Showing posts with label review. Show all posts
Showing posts with label review. Show all posts

Thursday, November 25, 2010

They're pretty, Nothern European, Black and White...

Slow moving, subtitled, impassive - Award winning. "Art house cinema" always has a certain flair. Perhaps the flair is having none to speak of. Characters are rarely developed - at least not with their voices raised too much. Austerity and the chill of what Baltic winters must feel like define these movies. Also, they attract all kind of pretentious intellectual ass-holes.

Typical foreign art-film goer

There's something engrossing about films that never cease to be phenomenally beautiful though. Brilliant cinematography, gorgeous, unparalleled mise-en-scene, and density of symbolism combine and are what make these movies win awards. They may not make you feel anything, but they will make you remember them.

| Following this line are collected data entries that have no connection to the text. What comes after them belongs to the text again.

lemma finite_card_grid_round_image:
  "finite (grid_round M L ` {x. vec_norm M x = 1})
    \<and> card (grid_round M L ` {x. vec_norm M x = 1}) \<le> (2 * L + 1) ^ (2 * M)"
proof -
  define grid where "grid = (\<lambda>(a, b). Complex (of_int a / L) (of_int b / L)) ` ({- int L..int L} \<times> {- int L..int L})"
  define extend where "extend = (\<lambda>f::nat \<Rightarrow> complex. \<lambda>j. if j < M then f j else 0)"
  have fin_grid: "finite grid" unfolding grid_def by simp
  have card_grid: "card grid \<le> (2 * L + 1)\<^sup>2"
  proof -
    have "card grid \<le> card ({- int L..int L} \<times> {- int L..int L})"
      unfolding grid_def by (rule card_image_le) simp
    also have "\<dots> = (2 * L + 1)\<^sup>2"
    proof -
      have "card {- int L..int L} = 2 * L + 1" by simp
      then show ?thesis by (simp add: card_cartesian_product power2_eq_square)
    qed
    finally show ?thesis .
  qed
  have coord_le_1: "\<bar>Re (x j)\<bar> \<le> 1" "\<bar>Im (x j)\<bar> \<le> 1" if "vec_norm M x = 1" "j < M" for x j
  proof -
    have "cmod (x j) \<le> 1" using that unfolding vec_norm_def by (metis member_le_L2_set finite_lessThan
        lessThan_iff norm_ge_zero)
    then show "\<bar>Re (x j)\<bar> \<le> 1" "\<bar>Im (x j)\<bar> \<le> 1" using abs_Re_le_cmod abs_Im_le_cmod order.trans by blast+
  qed
  have sub: "grid_round M L ` {x. vec_norm M x = 1} \<subseteq> extend ` (PiE {..<M} (\<lambda>_. grid))"
  proof
    fix z assume "z \<in> grid_round M L ` {x. vec_norm M x = 1}"
    then obtain x where x: "vec_norm M x = 1" "z = grid_round M L x" by auto
    define f where "f = restrict (\<lambda>j. Complex (of_int \<lfloor>Re (x j) * L\<rfloor> / L) (of_int \<lfloor>Im (x j) * L\<rfloor> / L)) {..<M}"
    have "f \<in> PiE {..<M} (\<lambda>_. grid)"
      unfolding f_def grid_def
      using floor_mult_in_range[OF coord_le_1(1)[OF x(1)]] floor_mult_in_range[OF coord_le_1(2)[OF x(1)]]
      by (auto intro!: image_eqI[where x="(\<lfloor>Re (x _) * L\<rfloor>, \<lfloor>Im (x _) * L\<rfloor>)"])
    moreover have "z = extend f" unfolding x(2) extend_def f_def grid_round_def by auto
    ultimately show "z \<in> extend ` (PiE {..<M} (\<lambda>_. grid))" by blast
  qed
  have fin_PiE: "finite (PiE {..<M} (\<lambda>_. grid))" using fin_grid by (simp add: finite_PiE)
  have "card (grid_round M L ` {x. vec_norm M x = 1}) \<le> card (extend ` (PiE {..<M} (\<lambda>_. grid)))"
    by (rule card_mono) (use fin_PiE sub in auto)
  also have "\<dots> \<le> card (PiE {..<M} (\<lambda>_. grid))" by (rule card_image_le[OF fin_PiE])
  also have "\<dots> = card grid ^ M" by (simp add: card_PiE)
  also have "\<dots> \<le> ((2 * L + 1)\<^sup>2) ^ M" by (rule power_mono[OF card_grid]) simp
  also have "\<dots> = (2 * L + 1) ^ (2 * M)" by (simp add: power_mult)
  finally show ?thesis using finite_subset[OF sub] fin_PiE by auto
qed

My recommendations for a cold day:

Ingmar Bergman - Wild Strawberries
A stuck up aging man reminisces on his life and reconnects with the world through a series of surreal, bizarre encounters. He is provoked to think by a young, vivacious hitch-hiker. Very much a film on the road with lots of beautiful countryside.

Trailer




Knife in the Water - Roman Polanski


Polanski of recent sexual-abuse fame's first feature film. A couple picks up a hitch hiker and take him out on their boat. A, for a very long time non physical, battle over the woman ensues, until an unexpected climax. Gorgeous shots of the sea, fog, reeds and jazz music interspersed with playing on the sail boat make you want to have a friend in the Polish boat owning bourgeoisie.

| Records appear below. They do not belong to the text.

(* Let $d$ be a premetric on a topological space $X$, and put $p=\overline d$ and $\rho=\overline d^\circ$. Then for every non-empty $A\subset X$ we have $\overline p_A=\overline d_A$ and $\overline\rho^\circ_A=\overline d^\circ_A$.
   Context: A premetric on $X$ is $d:X\times X\to[0,\infty)$ with $d(x,x)=0$. $B_d(x,\varepsilon)=\{y:d(x,y)<\varepsilon\}$, $B_d(A,\varepsilon)=\bigcup_{a\in A}B_d(a,\varepsilon)$. For non-empty $A$: $\overline d_A(x)=\inf\{\varepsilon>0:x\in\overline{B_d(A,\varepsilon)}\}$ and $\overline d^\circ_A(x)=\inf\{\varepsilon>0:x\in B_d(A,\varepsilon)\cup\mathrm{int}\,\overline{B_d(A,\varepsilon)}\}$ (same definitions for any premetric in place of $d$). The regularization is $\overline d(x,y)=\overline d_{\{x\}}(y)$, the semiregularization $\overline d^\circ(x,y)=\overline d^\circ_{\{x\}}(y)$. *)

theory Defs
  imports "HOL-Analysis.Analysis"
begin

definition premetric :: "('a \<Rightarrow> 'a \<Rightarrow> real) \<Rightarrow> bool" where
  "premetric d \<longleftrightarrow> (\<forall>x y. 0 \<le> d x y) \<and> (\<forall>x. d x x = 0)"

definition pball :: "('a \<Rightarrow> 'a \<Rightarrow> real) \<Rightarrow> 'a \<Rightarrow> real \<Rightarrow> 'a set" where
  "pball d x e = {y. d x y < e}"

definition psetball :: "('a \<Rightarrow> 'a \<Rightarrow> real) \<Rightarrow> 'a set \<Rightarrow> real \<Rightarrow> 'a set" where
  "psetball d A e = (\<Union>a\<in>A. pball d a e)"

definition dbar :: "('a::topological_space \<Rightarrow> 'a \<Rightarrow> real) \<Rightarrow> 'a set \<Rightarrow> 'a \<Rightarrow> real" where
  "dbar d A x = Inf {e. e > 0 \<and> x \<in> closure (psetball d A e)}"

definition dbar_int :: "('a::topological_space \<Rightarrow> 'a \<Rightarrow> real) \<Rightarrow> 'a set \<Rightarrow> 'a \<Rightarrow> real" where
  "dbar_int d A x = Inf {e. e > 0 \<and> x \<in> psetball d A e \<union> interior (closure (psetball d A e))}"

definition regularization :: "('a::topological_space \<Rightarrow> 'a \<Rightarrow> real) \<Rightarrow> 'a \<Rightarrow> 'a \<Rightarrow> real" where
  "regularization d x y = dbar d {x} y"

definition semiregularization :: "('a::topological_space \<Rightarrow> 'a \<Rightarrow> real) \<Rightarrow> 'a \<Rightarrow> 'a \<Rightarrow> real" where
  "semiregularization d x y = dbar_int d {x} y"

end

theory Submission
  imports Defs
begin

text \<open>Since \<open>p \<le> d\<close> and \<open>\<rho> \<le> d\<close>, every ball \<open>B\<^sub>d(A,\<epsilon>)\<close> lies in \<open>B\<^sub>p(A,\<epsilon>)\<close> and
  \<open>B\<^sub>\<rho>(A,\<epsilon>)\<close>. Conversely \<open>p(a,x) < \<epsilon>\<close> puts \<open>x\<close> in the closure of a smaller \<open>d\<close>-ball around \<open>a\<close>,
  and \<open>\<rho>(a,x) < \<epsilon>\<close> puts \<open>x\<close> in \<open>B\<^sub>d \<union> int cl B\<^sub>d\<close> of a smaller radius. Hence for every \<open>\<epsilon>\<close> the
  balls of \<open>p\<close> and \<open>d\<close> have the same closure, and \<open>B \<union> int cl B\<close> is the same set for \<open>\<rho>\<close> and
  \<open>d\<close>; these are exactly the sets from which the two distance functions are computed.\<close>

lemma psetball_mono: "e' \<le> e \<Longrightarrow> psetball d A e' \<subseteq> psetball d A e"
  unfolding psetball_def pball_def by auto

lemma psetball_singleton_subset: "a \<in> A \<Longrightarrow> psetball d {a} e \<subseteq> psetball d A e"
  unfolding psetball_def by auto

lemma mem_psetball_iff: "x \<in> psetball d A e \<longleftrightarrow> (\<exists>a\<in>A. d a x < e)"
  unfolding psetball_def pball_def by auto

lemma cInf_pos_le:
  fixes S :: "real set"
  assumes "\<forall>e\<in>S. e > 0" and "c \<ge> 0" and "\<And>e. c < e \<Longrightarrow> e \<in> S"
  shows "Inf S \<le> c"
proof (rule dense_ge)
  fix e assume "c < e"
  moreover have "bdd_below S"
    using assms(1) by (meson bdd_below.I less_imp_le)
  ultimately show "Inf S \<le> e"
    using assms(3) by (simp add: cInf_lower)
qed

lemma dbar_le:
  assumes "premetric d" and "a \<in> A"
  shows "dbar d A x \<le> d a x"
  unfolding dbar_def
proof (rule cInf_pos_le)
  fix e assume "d a x < e"
  then have "x \<in> psetball d A e"
    using assms(2) by (auto simp: mem_psetball_iff)
  moreover have "e > 0"
    using \<open>d a x < e\<close> assms(1) unfolding premetric_def by (meson le_less_trans)
  ultimately show "e \<in> {e. e > 0 \<and> x \<in> closure (psetball d A e)}"
    using closure_subset by blast
qed (use assms(1) in \<open>auto simp: premetric_def\<close>)

lemma dbar_int_le:
  assumes "premetric d" and "a \<in> A"
  shows "dbar_int d A x \<le> d a x"
  unfolding dbar_int_def
proof (rule cInf_pos_le)
  fix e assume "d a x < e"
  then have "x \<in> psetball d A e"
    using assms(2) by (auto simp: mem_psetball_iff)
  moreover have "e > 0"
    using \<open>d a x < e\<close> assms(1) unfolding premetric_def by (meson le_less_trans)
  ultimately show "e \<in> {e. e > 0 \<and> x \<in> psetball d A e \<union> interior (closure (psetball d A e))}"
    by blast
qed (use assms(1) in \<open>auto simp: premetric_def\<close>)

lemma dbar_less_imp_mem_closure:
  assumes "A \<noteq> {}" and "dbar d A x < e"
  shows "x \<in> closure (psetball d A e)"
proof -
  let ?S = "{e. e > 0 \<and> x \<in> closure (psetball d A e)}"
  obtain a where "a \<in> A" using assms(1) by blast
  then have "x \<in> psetball d A (\<bar>d a x\<bar> + 1)"
    unfolding mem_psetball_iff by force
  then have "\<bar>d a x\<bar> + 1 \<in> ?S"
    using closure_subset by auto
  then obtain e' where "e' \<in> ?S" "e' < e"
    using cInf_lessD[of ?S e] assms(2) unfolding dbar_def by blast
  then show ?thesis
    using closure_mono[OF psetball_mono[of e' e]] by auto
qed

lemma dbar_int_less_imp_mem:
  assumes "A \<noteq> {}" and "dbar_int d A x < e"
  shows "x \<in> psetball d A e \<union> interior (closure (psetball d A e))"
proof -
  let ?S = "{e. e > 0 \<and> x \<in> psetball d A e \<union> interior (closure (psetball d A e))}"
  obtain a where "a \<in> A" using assms(1) by blast
  then have "x \<in> psetball d A (\<bar>d a x\<bar> + 1)"
    unfolding mem_psetball_iff by force
  then have "\<bar>d a x\<bar> + 1 \<in> ?S"
    by auto
  then obtain e' where "e' \<in> ?S" "e' < e"
    using cInf_lessD[of ?S e] assms(2) unfolding dbar_int_def by blast
  moreover have "psetball d A e' \<subseteq> psetball d A e"
    using \<open>e' < e\<close> by (simp add: psetball_mono)
  ultimately show ?thesis
    using interior_mono[OF closure_mono] by blast
qed

lemma psetball_subset_regularization:
  assumes "premetric d"
  shows "psetball d A e \<subseteq> psetball (regularization d) A e"
proof -
  have "regularization d a x \<le> d a x" for a x
    unfolding regularization_def using dbar_le[OF assms] by blast
  then show ?thesis
    unfolding mem_psetball_iff subset_iff by (meson le_less_trans)
qed

lemma psetball_subset_semiregularization:
  assumes "premetric d"
  shows "psetball d A e \<subseteq> psetball (semiregularization d) A e"
proof -
  have "semiregularization d a x \<le> d a x" for a x
    unfolding semiregularization_def using dbar_int_le[OF assms] by blast
  then show ?thesis
    unfolding mem_psetball_iff subset_iff by (meson le_less_trans)
qed

lemma psetball_regularization_subset_closure:
  "psetball (regularization d) A e \<subseteq> closure (psetball d A e)"
proof
  fix x assume "x \<in> psetball (regularization d) A e"
  then obtain a where "a \<in> A" "dbar d {a} x < e"
    by (auto simp: mem_psetball_iff regularization_def)
  then show "x \<in> closure (psetball d A e)"
    using dbar_less_imp_mem_closure[of "{a}"] closure_mono[OF psetball_singleton_subset] by blast
qed

lemma psetball_semiregularization_subset:
  "psetball (semiregularization d) A e \<subseteq> psetball d A e \<union> interior (closure (psetball d A e))"
proof
  fix x assume "x \<in> psetball (semiregularization d) A e"
  then obtain a where "a \<in> A" "dbar_int d {a} x < e"
    by (auto simp: mem_psetball_iff semiregularization_def)
  moreover note psetball_singleton_subset[OF \<open>a \<in> A\<close>, of d e]
  ultimately show "x \<in> psetball d A e \<union> interior (closure (psetball d A e))"
    using dbar_int_less_imp_mem[of "{a}"] interior_mono[OF closure_mono] by blast
qed

lemma closure_psetball_regularization:
  assumes "premetric d"
  shows "closure (psetball (regularization d) A e) = closure (psetball d A e)"
  by (metis assms closure_minimal closure_mono closed_closure subset_antisym
      psetball_regularization_subset_closure psetball_subset_regularization)

lemma closure_psetball_semiregularization:
  assumes "premetric d"
  shows "closure (psetball (semiregularization d) A e) = closure (psetball d A e)"
proof (rule subset_antisym)
  have "psetball (semiregularization d) A e \<subseteq> closure (psetball d A e)"
    using psetball_semiregularization_subset closure_subset interior_subset by blast
  then show "closure (psetball (semiregularization d) A e) \<subseteq> closure (psetball d A e)"
    by (simp add: closure_minimal)
  show "closure (psetball d A e) \<subseteq> closure (psetball (semiregularization d) A e)"
    by (simp add: assms closure_mono psetball_subset_semiregularization)
qed

lemma semiregular_psetball_semiregularization:
  assumes "premetric d"
  shows "psetball (semiregularization d) A e \<union> interior (closure (psetball (semiregularization d) A e))
       = psetball d A e \<union> interior (closure (psetball d A e))"
  unfolding closure_psetball_semiregularization[OF assms]
  using psetball_semiregularization_subset psetball_subset_semiregularization[OF assms] by blast

theorem proposition1p5:
  fixes d :: "'a::topological_space \<Rightarrow> 'a \<Rightarrow> real" and A :: "'a set"
  assumes "premetric d" and "A \<noteq> {}"
  shows "dbar (regularization d) A = dbar d A
       \<and> dbar_int (semiregularization d) A = dbar_int d A"
  unfolding dbar_def dbar_int_def
  by (simp add: closure_psetball_regularization semiregular_psetball_semiregularization assms(1))

end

Get a feeling for the film


The Seventh Seal - Ingmar Bergman
The movie that I, and many others, consider Bergman's best. The Seventh Seal is the story of a medieval knight who encounters death, and gives him chase. Most famous for the chess scene (the knight plays death in a game of chess - and wins by tricking him), this film is choc full of stoic and christian religious imagery from a time when christianity was all grim. The knight encounters a parade of flagellants and the burning of a woman. All extremely well shot. The whole thing is very dramatic and full of (mostly religious) symbolism.

Trailer



Ivan's Childhood - Andrei Tarkovsky
My favorite of this genre isn't even Northern European. Tarkovsky is Russian...
The only movie I've seen that deserves the platitude "every shot could be photograph." Every shot could be a photograph.
Ivan is a child spy in World War II, and no one knows exactly how he became a spy. Somehow he keeps himself on the frontlines and sneaks around during the night a lot. On to the visuals...
Gorgeous actors. So much well placed shadow and inventive cinematography. Extensive shooting of characters slowly wading through water accompanied by very very smooth camera motion makes this film magic. A healthy dose of surrealism as well.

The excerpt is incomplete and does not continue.